_TRY IT_
Your whole answer should be the number of lines in the material below that include the word "imports".

_WORKING DATA_
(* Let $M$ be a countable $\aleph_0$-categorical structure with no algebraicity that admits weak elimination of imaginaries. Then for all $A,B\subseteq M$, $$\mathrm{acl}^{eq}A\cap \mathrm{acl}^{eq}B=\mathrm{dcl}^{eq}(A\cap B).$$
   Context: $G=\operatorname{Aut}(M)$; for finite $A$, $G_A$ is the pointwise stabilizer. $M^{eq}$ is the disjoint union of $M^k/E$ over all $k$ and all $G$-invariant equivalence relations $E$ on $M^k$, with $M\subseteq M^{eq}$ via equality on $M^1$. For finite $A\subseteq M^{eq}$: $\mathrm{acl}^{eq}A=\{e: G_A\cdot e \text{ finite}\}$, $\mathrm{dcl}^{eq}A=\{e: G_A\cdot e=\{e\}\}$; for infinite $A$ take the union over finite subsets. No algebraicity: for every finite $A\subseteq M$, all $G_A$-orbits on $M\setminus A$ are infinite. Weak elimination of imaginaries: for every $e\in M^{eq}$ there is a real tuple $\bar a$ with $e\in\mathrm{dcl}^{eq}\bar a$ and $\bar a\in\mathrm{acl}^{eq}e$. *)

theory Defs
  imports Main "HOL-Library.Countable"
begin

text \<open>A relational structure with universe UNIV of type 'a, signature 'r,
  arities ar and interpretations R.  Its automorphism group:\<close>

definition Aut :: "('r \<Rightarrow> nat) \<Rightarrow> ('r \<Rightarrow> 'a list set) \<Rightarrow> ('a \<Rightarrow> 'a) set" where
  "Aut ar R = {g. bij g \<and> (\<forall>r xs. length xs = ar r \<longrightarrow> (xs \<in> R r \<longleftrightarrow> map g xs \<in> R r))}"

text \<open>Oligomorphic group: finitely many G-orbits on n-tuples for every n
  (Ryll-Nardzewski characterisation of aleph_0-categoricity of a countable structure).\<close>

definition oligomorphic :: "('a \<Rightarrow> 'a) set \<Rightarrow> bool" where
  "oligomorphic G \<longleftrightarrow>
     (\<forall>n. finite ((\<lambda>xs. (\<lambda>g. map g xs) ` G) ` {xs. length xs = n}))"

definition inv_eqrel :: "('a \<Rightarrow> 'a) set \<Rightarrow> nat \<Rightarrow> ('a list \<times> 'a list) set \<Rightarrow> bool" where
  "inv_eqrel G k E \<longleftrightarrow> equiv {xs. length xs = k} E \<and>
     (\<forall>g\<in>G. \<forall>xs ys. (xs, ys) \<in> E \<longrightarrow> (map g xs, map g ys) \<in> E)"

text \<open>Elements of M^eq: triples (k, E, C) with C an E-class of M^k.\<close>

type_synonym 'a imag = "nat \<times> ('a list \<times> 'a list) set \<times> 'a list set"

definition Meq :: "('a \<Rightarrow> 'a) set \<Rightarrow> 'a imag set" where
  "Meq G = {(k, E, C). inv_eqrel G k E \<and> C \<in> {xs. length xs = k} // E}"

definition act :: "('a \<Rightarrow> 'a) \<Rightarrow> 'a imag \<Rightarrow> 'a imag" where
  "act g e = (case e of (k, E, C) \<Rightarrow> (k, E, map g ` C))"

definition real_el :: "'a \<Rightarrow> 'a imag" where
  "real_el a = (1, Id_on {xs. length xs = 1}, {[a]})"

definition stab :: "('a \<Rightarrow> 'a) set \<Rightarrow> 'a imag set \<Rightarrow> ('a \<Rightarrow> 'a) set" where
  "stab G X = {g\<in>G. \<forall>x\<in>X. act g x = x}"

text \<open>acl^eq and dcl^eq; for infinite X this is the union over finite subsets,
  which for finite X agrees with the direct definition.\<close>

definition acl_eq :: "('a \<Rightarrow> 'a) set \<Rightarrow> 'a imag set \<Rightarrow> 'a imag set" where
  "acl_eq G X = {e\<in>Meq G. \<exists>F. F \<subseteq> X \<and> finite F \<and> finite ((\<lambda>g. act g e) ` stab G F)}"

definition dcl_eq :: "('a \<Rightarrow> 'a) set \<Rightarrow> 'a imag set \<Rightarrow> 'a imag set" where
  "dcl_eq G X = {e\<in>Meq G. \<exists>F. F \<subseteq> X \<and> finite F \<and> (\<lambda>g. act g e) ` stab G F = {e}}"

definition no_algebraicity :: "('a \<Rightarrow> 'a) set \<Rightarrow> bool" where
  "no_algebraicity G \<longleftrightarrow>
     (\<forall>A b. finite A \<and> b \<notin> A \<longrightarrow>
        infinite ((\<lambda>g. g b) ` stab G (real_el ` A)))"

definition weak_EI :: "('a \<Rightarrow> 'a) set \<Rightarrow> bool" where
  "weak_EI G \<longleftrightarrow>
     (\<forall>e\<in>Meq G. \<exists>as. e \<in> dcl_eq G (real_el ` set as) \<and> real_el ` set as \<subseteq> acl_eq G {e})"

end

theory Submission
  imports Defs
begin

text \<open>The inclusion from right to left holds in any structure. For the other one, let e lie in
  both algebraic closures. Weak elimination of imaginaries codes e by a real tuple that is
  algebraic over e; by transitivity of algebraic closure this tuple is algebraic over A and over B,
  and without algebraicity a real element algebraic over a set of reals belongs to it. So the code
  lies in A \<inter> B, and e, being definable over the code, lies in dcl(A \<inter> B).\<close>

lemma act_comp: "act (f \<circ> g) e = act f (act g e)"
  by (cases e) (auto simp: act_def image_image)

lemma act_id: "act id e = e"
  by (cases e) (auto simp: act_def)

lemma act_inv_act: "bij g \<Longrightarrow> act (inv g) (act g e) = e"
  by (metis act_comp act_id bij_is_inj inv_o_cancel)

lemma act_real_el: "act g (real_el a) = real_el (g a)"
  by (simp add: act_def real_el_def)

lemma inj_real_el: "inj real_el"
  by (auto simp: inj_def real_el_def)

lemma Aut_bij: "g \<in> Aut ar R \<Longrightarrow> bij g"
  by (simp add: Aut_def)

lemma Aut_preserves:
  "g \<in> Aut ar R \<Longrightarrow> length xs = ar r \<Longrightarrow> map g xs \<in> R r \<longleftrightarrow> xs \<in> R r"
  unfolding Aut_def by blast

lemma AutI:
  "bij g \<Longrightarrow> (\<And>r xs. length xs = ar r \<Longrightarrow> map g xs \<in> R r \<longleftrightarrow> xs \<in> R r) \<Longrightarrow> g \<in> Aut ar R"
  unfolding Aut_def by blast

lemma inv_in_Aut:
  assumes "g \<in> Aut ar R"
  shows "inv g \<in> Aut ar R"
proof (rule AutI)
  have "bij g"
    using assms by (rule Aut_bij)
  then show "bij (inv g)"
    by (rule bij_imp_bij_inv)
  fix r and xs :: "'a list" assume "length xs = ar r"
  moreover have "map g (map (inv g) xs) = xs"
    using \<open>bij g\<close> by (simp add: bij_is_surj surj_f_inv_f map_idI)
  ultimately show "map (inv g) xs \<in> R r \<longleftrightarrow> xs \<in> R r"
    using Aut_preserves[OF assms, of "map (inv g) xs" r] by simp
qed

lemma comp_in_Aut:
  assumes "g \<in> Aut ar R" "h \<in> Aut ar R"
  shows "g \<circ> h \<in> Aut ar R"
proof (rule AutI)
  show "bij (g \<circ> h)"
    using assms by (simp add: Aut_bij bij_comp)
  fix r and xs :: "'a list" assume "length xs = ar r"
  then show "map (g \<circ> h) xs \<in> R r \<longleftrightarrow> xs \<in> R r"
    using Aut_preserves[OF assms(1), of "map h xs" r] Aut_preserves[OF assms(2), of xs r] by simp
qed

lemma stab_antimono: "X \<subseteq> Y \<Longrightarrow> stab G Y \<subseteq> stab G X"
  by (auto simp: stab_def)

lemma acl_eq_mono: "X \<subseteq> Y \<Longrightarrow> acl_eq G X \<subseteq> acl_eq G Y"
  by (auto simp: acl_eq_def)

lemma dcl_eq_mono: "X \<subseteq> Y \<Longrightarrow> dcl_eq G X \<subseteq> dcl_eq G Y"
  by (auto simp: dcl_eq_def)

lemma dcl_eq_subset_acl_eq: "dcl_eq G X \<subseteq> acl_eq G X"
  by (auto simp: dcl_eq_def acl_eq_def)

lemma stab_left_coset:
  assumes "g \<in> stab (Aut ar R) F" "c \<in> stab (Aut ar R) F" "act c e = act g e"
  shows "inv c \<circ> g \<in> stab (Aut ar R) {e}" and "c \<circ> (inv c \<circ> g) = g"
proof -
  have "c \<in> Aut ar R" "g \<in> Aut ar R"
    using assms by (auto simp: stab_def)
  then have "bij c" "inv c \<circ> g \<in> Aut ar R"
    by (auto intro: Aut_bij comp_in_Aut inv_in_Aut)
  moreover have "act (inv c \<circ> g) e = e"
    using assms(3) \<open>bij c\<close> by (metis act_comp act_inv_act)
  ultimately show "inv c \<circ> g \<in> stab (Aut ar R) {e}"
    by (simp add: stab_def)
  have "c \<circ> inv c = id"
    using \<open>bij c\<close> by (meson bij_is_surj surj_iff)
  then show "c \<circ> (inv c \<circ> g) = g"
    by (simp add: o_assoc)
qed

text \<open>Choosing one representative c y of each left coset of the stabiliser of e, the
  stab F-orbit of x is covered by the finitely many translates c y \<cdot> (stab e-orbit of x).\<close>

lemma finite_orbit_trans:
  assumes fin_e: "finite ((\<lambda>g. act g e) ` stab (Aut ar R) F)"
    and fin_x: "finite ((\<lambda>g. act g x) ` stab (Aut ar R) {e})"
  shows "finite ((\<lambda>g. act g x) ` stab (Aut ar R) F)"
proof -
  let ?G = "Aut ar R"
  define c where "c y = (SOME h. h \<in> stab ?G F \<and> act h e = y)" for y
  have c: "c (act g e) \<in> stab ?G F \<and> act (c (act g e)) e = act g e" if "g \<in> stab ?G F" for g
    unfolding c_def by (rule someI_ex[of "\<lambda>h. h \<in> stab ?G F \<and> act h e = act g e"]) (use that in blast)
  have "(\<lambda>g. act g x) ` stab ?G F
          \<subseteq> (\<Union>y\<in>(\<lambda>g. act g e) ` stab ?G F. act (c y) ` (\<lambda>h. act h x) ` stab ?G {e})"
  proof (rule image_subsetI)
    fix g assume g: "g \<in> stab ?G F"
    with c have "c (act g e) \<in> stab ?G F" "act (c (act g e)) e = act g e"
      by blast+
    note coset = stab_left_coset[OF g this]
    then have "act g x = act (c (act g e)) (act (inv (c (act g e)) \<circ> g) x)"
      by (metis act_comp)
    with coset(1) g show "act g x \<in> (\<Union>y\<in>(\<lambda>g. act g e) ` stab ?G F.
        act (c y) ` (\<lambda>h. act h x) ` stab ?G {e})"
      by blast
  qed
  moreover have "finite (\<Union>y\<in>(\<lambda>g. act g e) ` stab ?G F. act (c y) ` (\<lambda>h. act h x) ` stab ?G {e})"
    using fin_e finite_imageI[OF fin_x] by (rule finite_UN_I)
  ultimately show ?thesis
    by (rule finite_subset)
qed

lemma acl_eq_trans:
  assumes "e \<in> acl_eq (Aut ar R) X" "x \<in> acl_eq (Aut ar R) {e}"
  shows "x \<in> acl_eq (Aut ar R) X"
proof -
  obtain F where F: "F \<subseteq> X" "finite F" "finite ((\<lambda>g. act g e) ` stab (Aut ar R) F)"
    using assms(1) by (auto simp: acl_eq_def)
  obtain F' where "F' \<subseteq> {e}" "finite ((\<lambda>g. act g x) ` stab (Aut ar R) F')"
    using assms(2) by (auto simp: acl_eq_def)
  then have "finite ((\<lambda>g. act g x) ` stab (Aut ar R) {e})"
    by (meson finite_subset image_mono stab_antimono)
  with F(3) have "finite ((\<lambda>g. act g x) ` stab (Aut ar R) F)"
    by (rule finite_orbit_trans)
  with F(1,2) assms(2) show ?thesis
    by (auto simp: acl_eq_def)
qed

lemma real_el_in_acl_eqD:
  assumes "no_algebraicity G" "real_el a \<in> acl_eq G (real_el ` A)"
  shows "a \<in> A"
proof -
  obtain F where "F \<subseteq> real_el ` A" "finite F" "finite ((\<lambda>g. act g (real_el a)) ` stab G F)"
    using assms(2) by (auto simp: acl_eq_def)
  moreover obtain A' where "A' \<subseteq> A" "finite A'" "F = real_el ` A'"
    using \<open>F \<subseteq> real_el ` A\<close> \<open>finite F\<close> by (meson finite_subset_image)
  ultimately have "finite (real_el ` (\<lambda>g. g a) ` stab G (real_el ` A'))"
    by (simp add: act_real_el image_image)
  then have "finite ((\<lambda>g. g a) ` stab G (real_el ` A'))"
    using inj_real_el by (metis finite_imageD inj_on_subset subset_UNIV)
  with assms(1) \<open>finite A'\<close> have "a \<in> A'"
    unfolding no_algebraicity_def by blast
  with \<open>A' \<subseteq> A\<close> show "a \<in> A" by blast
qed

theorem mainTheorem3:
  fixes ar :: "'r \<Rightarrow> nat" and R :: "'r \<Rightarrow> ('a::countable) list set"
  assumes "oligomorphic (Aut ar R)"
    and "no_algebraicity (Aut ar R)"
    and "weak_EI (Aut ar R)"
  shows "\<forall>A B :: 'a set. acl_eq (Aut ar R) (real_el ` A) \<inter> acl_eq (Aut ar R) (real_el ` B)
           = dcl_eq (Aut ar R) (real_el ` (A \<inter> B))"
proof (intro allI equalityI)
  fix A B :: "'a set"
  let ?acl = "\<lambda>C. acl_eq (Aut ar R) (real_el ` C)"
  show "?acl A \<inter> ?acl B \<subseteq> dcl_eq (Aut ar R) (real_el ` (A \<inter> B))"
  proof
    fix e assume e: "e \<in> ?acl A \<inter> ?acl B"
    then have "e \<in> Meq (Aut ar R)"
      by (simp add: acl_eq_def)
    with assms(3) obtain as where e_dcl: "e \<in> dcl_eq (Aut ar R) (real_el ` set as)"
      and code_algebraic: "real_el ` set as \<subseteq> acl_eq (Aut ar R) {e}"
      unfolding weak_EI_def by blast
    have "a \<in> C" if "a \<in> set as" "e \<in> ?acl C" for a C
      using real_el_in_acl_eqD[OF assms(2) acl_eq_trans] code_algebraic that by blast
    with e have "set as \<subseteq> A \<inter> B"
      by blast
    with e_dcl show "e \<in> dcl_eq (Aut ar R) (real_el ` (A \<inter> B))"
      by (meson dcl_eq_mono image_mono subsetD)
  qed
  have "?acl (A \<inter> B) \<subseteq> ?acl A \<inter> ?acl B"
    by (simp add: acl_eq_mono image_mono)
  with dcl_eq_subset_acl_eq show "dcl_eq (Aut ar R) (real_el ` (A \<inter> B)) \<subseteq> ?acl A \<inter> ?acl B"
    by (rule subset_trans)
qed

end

_TASK RESPONSE_
2